The British female doctors and nurses of the WHC established and ran two field hospitals in France from mid-September 1914 to February 1915, the Hôpital Auxiliaire in the Hôtel Claridge on Paris's Avenue des Champs-Élysées with around 100 beds and soon afterwards, due to the large number of wounded at Boulogne-sur-Mer, another at the Château Mauricien in Wimereux.
The Paris hospital received the first wounded on 16 September 1914 and was initially only supported by private donations and the French Red Cross.
Endell Street Military Hospital
The performance of the WHC was quickly recognised. As early as 18 February 1915, Garrett Anderson and Murray had the support of Sir Alfred Keogh in his capacity as Director-General Army Medical Services and were commissioned by the Ministry of Defence to build and run a military hospital in a poorhouse in St Giles' Church Parish in Endell Street, Covent Garden. Keogh's decision was not shared by many members of the British Military Medical Corps, who predicted the closure of the military hospital within six months.

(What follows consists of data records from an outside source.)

definition Tr :: "nat \<Rightarrow> nat \<Rightarrow> 'a::field \<Rightarrow> nat" where
  "Tr p m x = (THE k. k < p \<and> of_nat k = trace_elem p m x)"

definition zeta :: "nat \<Rightarrow> complex" where
  "zeta p = cis (2 * pi / real p)"

definition walsh :: "nat \<Rightarrow> nat \<Rightarrow> ('a::{field,finite} \<Rightarrow> nat) \<Rightarrow> 'a \<Rightarrow> complex" where
  "walsh p m f \<omega> = (\<Sum>x\<in>UNIV. zeta p powi (int (f x) - int (Tr p m (\<omega> * x))))"

definition balanced :: "nat \<Rightarrow> nat \<Rightarrow> ('a::{field,finite} \<Rightarrow> nat) \<Rightarrow> bool" where
  "balanced p m f \<longleftrightarrow> walsh p m f 0 = 0"

definition plateaued :: "nat \<Rightarrow> nat \<Rightarrow> nat \<Rightarrow> ('a::{field,finite} \<Rightarrow> nat) \<Rightarrow> bool" where
  "plateaued p m s f \<longleftrightarrow>
     (\<forall>\<omega>. (cmod (walsh p m f \<omega>))\<^sup>2 \<in> {0, real p ^ (m + s)})"

definition support_walsh :: "nat \<Rightarrow> nat \<Rightarrow> nat \<Rightarrow> ('a::{field,finite} \<Rightarrow> nat) \<Rightarrow> 'a set" where
  "support_walsh p m s f = {\<omega>. (cmod (walsh p m f \<omega>))\<^sup>2 = real p ^ (m + s)}"

definition weakly_regular :: "nat \<Rightarrow> nat \<Rightarrow> nat \<Rightarrow> ('a::{field,finite} \<Rightarrow> nat) \<Rightarrow> bool" where
  "weakly_regular p m s f \<longleftrightarrow>
     (\<exists>u::complex. \<exists>fstar::'a \<Rightarrow> nat.
        u \<in> {1, -1, \<i>, -\<i>} \<and>
        (\<forall>\<omega>. fstar \<omega> < p) \<and>
        (\<forall>\<omega>. \<omega> \<notin> support_walsh p m s f \<longrightarrow> fstar \<omega> = 0) \<and>
        (\<forall>\<omega>. walsh p m f \<omega> \<in>
              {0, u * complex_of_real (sqrt (real p) ^ (m + s)) * zeta p ^ fstar \<omega>}))"

definition eta0_minus1 :: "nat \<Rightarrow> int" where
  "eta0_minus1 p = (if p mod 4 = 1 then 1 else -1)"

definition sqrt_pstar :: "nat \<Rightarrow> complex" where
  "sqrt_pstar p = (if p mod 4 = 1 then complex_of_real (sqrt (real p))
                   else \<i> * complex_of_real (sqrt (real p)))"

definition has_sign :: "nat \<Rightarrow> nat \<Rightarrow> nat \<Rightarrow> ('a::{field,finite} \<Rightarrow> nat) \<Rightarrow> int \<Rightarrow> bool" where
  "has_sign p m s f \<epsilon> \<longleftrightarrow> \<epsilon> \<in> {1, -1} \<and>
     (\<exists>fstar::'a \<Rightarrow> nat. (\<forall>\<omega>. fstar \<omega> < p) \<and>
        (\<forall>\<omega>. \<omega> \<notin> support_walsh p m s f \<longrightarrow> fstar \<omega> = 0) \<and>
        (\<forall>\<omega>\<in>support_walsh p m s f.
           walsh p m f \<omega> = of_int \<epsilon> * sqrt_pstar p ^ (m + s) * zeta p ^ fstar \<omega>))"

The military hospital, run by Garrett Anderson and unusually for the time run entirely by women, had a capacity of 573 beds and cared for around 26,000 patients during its existence from May 1915 to December 1919, including 24,000 war wounded.[1] In total, more than 7,000 operations were performed at the Endell Street Military Hospital. The hospital was later demolished and a residential building now stands on the same site.[3]